Wow...that's about the slowest way a car can go from Brem to NY. My car made it to PH in only 5 more days. Must be all those stops. :thumbdwn:


----------



## Calif65GM (Mar 27, 2005)

MARCUS330i said:


> Email the Harms office where you dropped off the car. They know what ship you are on.


What if I didn't drop off at a Harms office but rather one of their agents (ie Zurich which is Gondrad)? Can I e-mail Harms in Munich and can they see it in their systems?

TIA


----------



## JSpira (Oct 21, 2002)

MARCUS330i said:


> Wow...that's about the slowest way a car can go from Brem to NY. My car made it to PH in only 5 more days. Must be all those stops.

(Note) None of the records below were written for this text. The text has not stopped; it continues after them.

definition palg_quotient :: "'a palg \<Rightarrow> ('a \<times> 'a) set \<Rightarrow> 'a set palg" where
  "palg_quotient S \<theta> =
     \<lparr> pcarrier = pcarrier S // \<theta>,
       pplus = quot_op \<theta> (pplus S), ptimes = quot_op \<theta> (ptimes S),
       pjoin = quot_op \<theta> (pjoin S), pmeet = quot_op \<theta> (pmeet S),
       pzero = \<theta> `` {pzero S}, pone = \<theta> `` {pone S} \<rparr>"

section \<open>The Chang algebra C = Gamma(Z \<times>lex Z, (1,0)), epsilon = (0,1)\<close>

definition lex_le :: "int \<times> int \<Rightarrow> int \<times> int \<Rightarrow> bool" where
  "lex_le p q \<longleftrightarrow> fst p < fst q \<or> (fst p = fst q \<and> snd p \<le> snd q)"

definition chang_carrier :: "(int \<times> int) set" where
  "chang_carrier = {p. lex_le (0, 0) p \<and> lex_le p (1, 0)}"

definition chang_oplus :: "int \<times> int \<Rightarrow> int \<times> int \<Rightarrow> int \<times> int" where
  "chang_oplus p q = (let s = (fst p + fst q, snd p + snd q) in
                      if lex_le s (1, 0) then s else (1, 0))"

definition chang_neg :: "int \<times> int \<Rightarrow> int \<times> int" where
  "chang_neg p = (1 - fst p, - snd p)"

definition Chang :: "(int \<times> int) palg" where
  "Chang = mv_reduct chang_carrier chang_oplus chang_neg (0, 0)"

definition chang_sub :: "(int \<times> int) set" where
  "chang_sub = {(0, int n) | n. True} \<union> {(1, 0)}"

definition chang_theta :: "((int \<times> int) \<times> (int \<times> int)) set" where
  "chang_theta =
     {((0,0),(0,0))} \<union>
     {(p, q). p \<in> {(0, int n) | n. n \<ge> 1} \<and> q \<in> {(0, int n) | n. n \<ge> 1}} \<union>
     {((1,0),(1,0))}"

end

theory Submission imports Defs begin

text \<open>In \<open>C'/\<theta>\<close> the class \<open>[\<epsilon>]\<close> satisfies \<open>[\<epsilon>] \<oplus> [\<epsilon>] = [2\<epsilon>] = [\<epsilon>]\<close> and
  \<open>[\<epsilon>] \<odot> [\<epsilon>] = [0]\<close>, but in an MV-algebra the only \<open>a\<close> with \<open>a \<oplus> a = a\<close> and \<open>a \<odot> a = 0\<close> is
  \<open>0\<close>: the axiom \<open>\<not>(\<not>x \<oplus> y) \<oplus> y = \<not>(\<not>y \<oplus> x) \<oplus> x\<close> at \<open>x = \<not>a, y = a\<close> gives \<open>\<not>a \<oplus> a = \<not>a\<close>,
  while \<open>\<not>a \<oplus> a = 1\<close> holds for every \<open>a\<close>. So no embedding into an MV-algebra can keep \<open>[\<epsilon>]\<close>
  apart from \<open>[0]\<close>.\<close>

lemma mv_algebra_oplus_neg_self:
  assumes mv: "mv_algebra A oplus neg z" and x: "x \<in> A"
  shows "oplus (neg x) x = neg z"
proof -
  have cm: "oplus z x = x"
    and nn: "neg (neg z) = z"
    and ab: "oplus (neg x) (neg z) = neg z" "oplus z (neg z) = neg z"
    and ax: "oplus (neg (oplus (neg x) (neg z))) (neg z) = oplus (neg (oplus (neg (neg z)) x)) x"
    using mv x unfolding mv_algebra_def by metis+
  show ?thesis
    using ax by (simp add: ab nn cm)
qed

lemma mv_algebra_idempotent_nilpotent_eq_zero:
  assumes mv: "mv_algebra A oplus neg z" and a: "a \<in> A"
    and idem: "oplus a a = a" and nilp: "neg (oplus (neg a) (neg a)) = z"
  shows "a = z"
proof -
  have zA: "z \<in> A" and un: "oplus z (neg a) = neg a"
    and nn: "\<And>x. x \<in> A \<Longrightarrow> neg (neg x) = x"
    and ax: "oplus (neg (oplus (neg (neg a)) a)) a = oplus (neg (oplus (neg a) (neg a))) (neg a)"
    using mv a unfolding mv_algebra_def by metis+
  have "oplus (neg a) a = neg a"
    using ax by (simp add: nn[OF a] idem nilp un)
  then have "neg a = neg z"
    using mv_algebra_oplus_neg_self[OF mv a] by simp
  then show "a = z"
    using nn[OF a] nn[OF zA] by metis
qed

lemma palg_sub_simps [simp]:
  "pcarrier (palg_sub S B) = B" "pplus (palg_sub S B) = pplus S" "ptimes (palg_sub S B) = ptimes S"
  "pjoin (palg_sub S B) = pjoin S" "pmeet (palg_sub S B) = pmeet S"
  "pzero (palg_sub S B) = pzero S" "pone (palg_sub S B) = pone S"
  by (simp_all add: palg_sub_def)

lemma mv_reduct_simps [simp]:
  "pcarrier (mv_reduct A oplus neg z) = A" "pplus (mv_reduct A oplus neg z) = oplus"
  "ptimes (mv_reduct A oplus neg z) x y = neg (oplus (neg x) (neg y))"
  "pjoin (mv_reduct A oplus neg z) x y = oplus (neg (oplus (neg x) (neg (neg y)))) y"
  "pmeet (mv_reduct A oplus neg z) x y =
     neg (oplus (neg (oplus (neg (neg x)) (neg (neg (neg y))))) (neg y))"
  "pzero (mv_reduct A oplus neg z) = z" "pone (mv_reduct A oplus neg z) = neg z"
  by (simp_all add: mv_reduct_def Let_def)

lemma positive_MV_in_mv_subalgebra:
  fixes A :: "'a set"
  assumes "palg_closed (mv_reduct A oplus neg z) B" and "mv_algebra A oplus neg z"
  shows "positive_MV_in TYPE('a) (palg_sub (mv_reduct A oplus neg z) B)"
proof -
  have "palg_embedding (palg_sub (mv_reduct A oplus neg z) B) (mv_reduct A oplus neg z) id"
    using assms(1) by (auto simp: palg_embedding_def palg_hom_def palg_closed_def)
  with assms(2) show ?thesis
    unfolding positive_MV_in_def by metis
qed

lemma not_positive_MV_in_if_idempotent_nilpotent:
  assumes zero: "pzero S \<in> pcarrier S" and e: "e \<in> pcarrier S" and nonzero: "e \<noteq> pzero S"
    and idem: "pplus S e e = e" and nilp: "ptimes S e e = pzero S"
  shows "\<not> positive_MV_in TYPE('b) S"
proof
  assume "positive_MV_in TYPE('b) S"
  then obtain A :: "'b set" and oplus neg z h where mv: "mv_algebra A oplus neg z"
    and hom: "palg_hom S (mv_reduct A oplus neg z) h" and inj: "inj_on h (pcarrier S)"
    unfolding positive_MV_in_def palg_embedding_def by blast
  have "h e \<in> A" and "h (pzero S) = z"
    using hom e unfolding palg_hom_def by auto
  moreover have "h (pplus S e e) = oplus (h e) (h e)"
    and "h (ptimes S e e) = neg (oplus (neg (h e)) (neg (h e)))"
    using hom e unfolding palg_hom_def by auto
  ultimately have "h e = h (pzero S)"
    using mv_algebra_idempotent_nilpotent_eq_zero[OF mv] idem nilp by metis
  with inj e zero nonzero show False
    by (simp add: inj_on_def)
qed

lemma quot_op_classes:
  assumes eq: "equiv A \<theta>" and x: "x \<in> A" and y: "y \<in> A"
    and compat: "\<And>x x' y y'. (x, x') \<in> \<theta> \<Longrightarrow> (y, y') \<in> \<theta> \<Longrightarrow> (f x y, f x' y') \<in> \<theta>"
  shows "quot_op \<theta> f (\<theta> `` {x}) (\<theta> `` {y}) = \<theta> `` {f x y}"
proof
  show "quot_op \<theta> f (\<theta> `` {x}) (\<theta> `` {y}) \<subseteq> \<theta> `` {f x y}"
  proof
    fix w assume "w \<in> quot_op \<theta> f (\<theta> `` {x}) (\<theta> `` {y})"
    then obtain x' y' where "(x, x') \<in> \<theta>" "(y, y') \<in> \<theta>" "(f x' y', w) \<in> \<theta>"
      unfolding quot_op_def by blast
    with compat eq show "w \<in> \<theta> `` {f x y}"
      unfolding equiv_def trans_def by blast
  qed
  have "(x, x) \<in> \<theta>" "(y, y) \<in> \<theta>"
    using eq x y unfolding equiv_def refl_on_def by auto
  then show "\<theta> `` {f x y} \<subseteq> quot_op \<theta> f (\<theta> `` {x}) (\<theta> `` {y})"
    unfolding quot_op_def by blast
qed

lemma palg_hom_quotient:
  assumes "palg_congruence S \<theta>"
  shows "palg_hom S (palg_quotient S \<theta>) (\<lambda>x. \<theta> `` {x})"
proof -
  have eq: "equiv (pcarrier S) \<theta>"
    using assms by (simp add: palg_congruence_def)
  note classes = quot_op_classes[OF eq, of _ _ "pplus S"] quot_op_classes[OF eq, of _ _ "ptimes S"]
    quot_op_classes[OF eq, of _ _ "pjoin S"] quot_op_classes[OF eq, of _ _ "pmeet S"]
  show ?thesis
    using assms classes
    by (auto simp: palg_hom_def palg_quotient_def palg_congruence_def intro: quotientI)
qed

lemma chang_carrier_iff:
  "p \<in> chang_carrier \<longleftrightarrow> (fst p = 0 \<and> snd p \<ge> 0) \<or> (fst p = 1 \<and> snd p \<le> 0)"
  by (cases p) (auto simp: chang_carrier_def lex_le_def)

lemma chang_carrierE:
  assumes "x \<in> chang_carrier"
  obtains n where "n \<ge> 0" "x = (0, n)" | n where "n \<ge> 0" "x = (1, - n)"
  using assms by (cases x) (auto simp: chang_carrier_iff, metis minus_minus)

lemma chang_oplus_Pair:
  "chang_oplus (a, b) (c, d) =
     (if a + c < 1 \<or> (a + c = 1 \<and> b + d \<le> 0) then (a + c, b + d) else (1, 0))"
  by (simp add: chang_oplus_def lex_le_def)

lemma chang_neg_Pair: "chang_neg (a, b) = (1 - a, - b)"
  by (simp add: chang_neg_def)

lemma mv_algebra_chang: "mv_algebra chang_carrier chang_oplus chang_neg (0, 0)"
  unfolding mv_algebra_def
  by (intro conjI ballI; (elim chang_carrierE)?;
      simp add: chang_carrier_iff chang_oplus_Pair chang_neg_Pair add.commute)

lemma chang_sub_iff: "p \<in> chang_sub \<longleftrightarrow> (fst p = 0 \<and> snd p \<ge> 0) \<or> p = (1, 0)"
  unfolding chang_sub_def by (cases p) (auto elim: nonneg_int_cases)

lemma chang_subE:
  assumes "x \<in> chang_sub"
  obtains n where "n \<ge> 0" "x = (0, n)" | "x = (1, 0)"
  using assms by (cases x) (auto simp: chang_sub_iff)

lemma Chang_simps:
  "pcarrier Chang = chang_carrier" "pplus Chang = chang_oplus"
  "ptimes Chang x y = chang_neg (chang_oplus (chang_neg x) (chang_neg y))"
  "pjoin Chang x y = chang_oplus (chang_neg (chang_oplus (chang_neg x) y)) y"
  "pmeet Chang x y = chang_neg (chang_oplus (chang_neg (chang_oplus x (chang_neg y))) (chang_neg y))"
  "pzero Chang = (0, 0)" "pone Chang = (1, 0)"
  by (cases x, cases y; simp add: Chang_def chang_neg_Pair)+

lemma Chang_ops_chang_sub:
  "0 \<le> n \<Longrightarrow> 0 \<le> m \<Longrightarrow> pplus Chang (0, n) (0, m) = (0, n + m)"
  "0 \<le> n \<Longrightarrow> pplus Chang (1, 0) (0, n) = (1, 0)"
  "0 \<le> n \<Longrightarrow> pplus Chang (0, n) (1, 0) = (1, 0)"
  "pplus Chang (1, 0) (1, 0) = (1, 0)"
  "0 \<le> n \<Longrightarrow> 0 \<le> m \<Longrightarrow> ptimes Chang (0, n) (0, m) = (0, 0)"
  "0 \<le> n \<Longrightarrow> ptimes Chang (0, n) (1, 0) = (0, n)"
  "0 \<le> n \<Longrightarrow> ptimes Chang (1, 0) (0, n) = (0, n)"
  "ptimes Chang (1, 0) (1, 0) = (1, 0)"
  "0 \<le> n \<Longrightarrow> 0 \<le> m \<Longrightarrow> pjoin Chang (0, n) (0, m) = (0, max n m)"
  "0 \<le> n \<Longrightarrow> pjoin Chang (0, n) (1, 0) = (1, 0)"
  "0 \<le> n \<Longrightarrow> pjoin Chang (1, 0) (0, n) = (1, 0)"
  "pjoin Chang (1, 0) (1, 0) = (1, 0)"
  "0 \<le> n \<Longrightarrow> 0 \<le> m \<Longrightarrow> pmeet Chang (0, n) (0, m) = (0, min n m)"
  "0 \<le> n \<Longrightarrow> pmeet Chang (0, n) (1, 0) = (0, n)"
  "0 \<le> n \<Longrightarrow> pmeet Chang (1, 0) (0, n) = (0, n)"
  "pmeet Chang (1, 0) (1, 0) = (1, 0)"
  by (simp_all add: Chang_simps chang_oplus_Pair chang_neg_Pair max_def min_def)

lemma palg_closed_chang_sub: "palg_closed Chang chang_sub"
  unfolding palg_closed_def
  by (auto simp: Chang_simps(1,6,7) Chang_ops_chang_sub chang_sub_iff chang_carrier_iff
      elim!: chang_subE)

lemma chang_theta_iff:
  "(p, q) \<in> chang_theta \<longleftrightarrow>
     (p = (0, 0) \<and> q = (0, 0)) \<or> (fst p = 0 \<and> snd p > 0 \<and> fst q = 0 \<and> snd q > 0) \<or>
     (p = (1, 0) \<and> q = (1, 0))"
  unfolding chang_theta_def by (cases p, cases q) (auto dest!: zero_less_imp_eq_int)

lemma chang_thetaE:
  assumes "(x, x') \<in> chang_theta"
  obtains "x = (0, 0)" "x' = (0, 0)"
    | n m where "n > 0" "m > 0" "x = (0, n)" "x' = (0, m)"
    | "x = (1, 0)" "x' = (1, 0)"
  using assms by (cases x; cases x') (auto simp: chang_theta_iff)

lemma palg_congruence_chang_theta: "palg_congruence (palg_sub Chang chang_sub) chang_theta"
  unfolding palg_congruence_def palg_sub_simps
proof (intro conjI allI impI)
  show "equiv chang_sub chang_theta"
    unfolding equiv_def refl_on_def sym_def trans_def
    by (auto simp: chang_theta_iff chang_sub_iff)
  fix x x' y y' assume "(x, x') \<in> chang_theta" "(y, y') \<in> chang_theta"
  then show "(pplus Chang x y, pplus Chang x' y') \<in> chang_theta"
    and "(ptimes Chang x y, ptimes Chang x' y') \<in> chang_theta"
    and "(pjoin Chang x y, pjoin Chang x' y') \<in> chang_theta"
    and "(pmeet Chang x y, pmeet Chang x' y') \<in> chang_theta"
    by (elim chang_thetaE; simp add: Chang_ops_chang_sub chang_theta_iff max_def min_def)+
qed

 It is a longer trip, but it was the first boat BMW was booking passage on and gets in before any others. If only they weren't stopping to pick up those stupid Volvos.


----------



## MarcusSDCA (Jan 14, 2004)

Calif65GM said:


> What if I didn't drop off at a Harms office but rather one of their agents (ie Zurich which is Gondrad)? Can I e-mail Harms in Munich and can they see it in their systems?
> 
> TIA


Email the office you dropped off at.....wherever it was. I think the email addresses are online at BMWUSA.com in the Euro Delivery section.

Zurich
AG Gondrand Reisen
Industriestrasse 10
8152 Glattbrugg
Phone: 41-44-828 68 68
Email: [email protected]
Hours: 8:30AM to 11:30AM and 1:30PM to 4:00PM

(I'm not sure if Harms in Munich keeps track of all ED cars dropped off at other locations.)


----------



## JSpira (Oct 21, 2002)

MARCUS330i said:


> (I'm not sure if Harms in Munich keeps track of all ED cars dropped off at other locations.)


 They don't. It is just a branch office, albeit one with the largest number of european delivery BMWs.

Relating to Harms, Frau Pietsch in the head office retired after something like 40+ years. Herr Behrends is retiring at year's end.


----------



## Calif65GM (Mar 27, 2005)

MARCUS330i said:


> Email the office you dropped off at.....wherever it was. I think the email addresses are online at BMWUSA.com in the Euro Delivery section.
> 
> Zurich
> AG Gondrand Reisen
> ...


Thanks, I was trying to avoid contacting them because they have a new person working there. I guess I don't have much choice.


----------



## MarcusSDCA (Jan 14, 2004)

Well you're PAYING for the shipping......so don't feel bad about emailing them. The folks both in Munich and Stuttgart (both Harms) were very happy to give me details on my vessel for my last 2 EDs. Well....if they were unhappy about it then it sure didn't show!


----------



## JSpira (Oct 21, 2002)

Calif65GM said:


> Thanks, I was trying to avoid contacting them because they have a new person working there. I guess I don't have much choice.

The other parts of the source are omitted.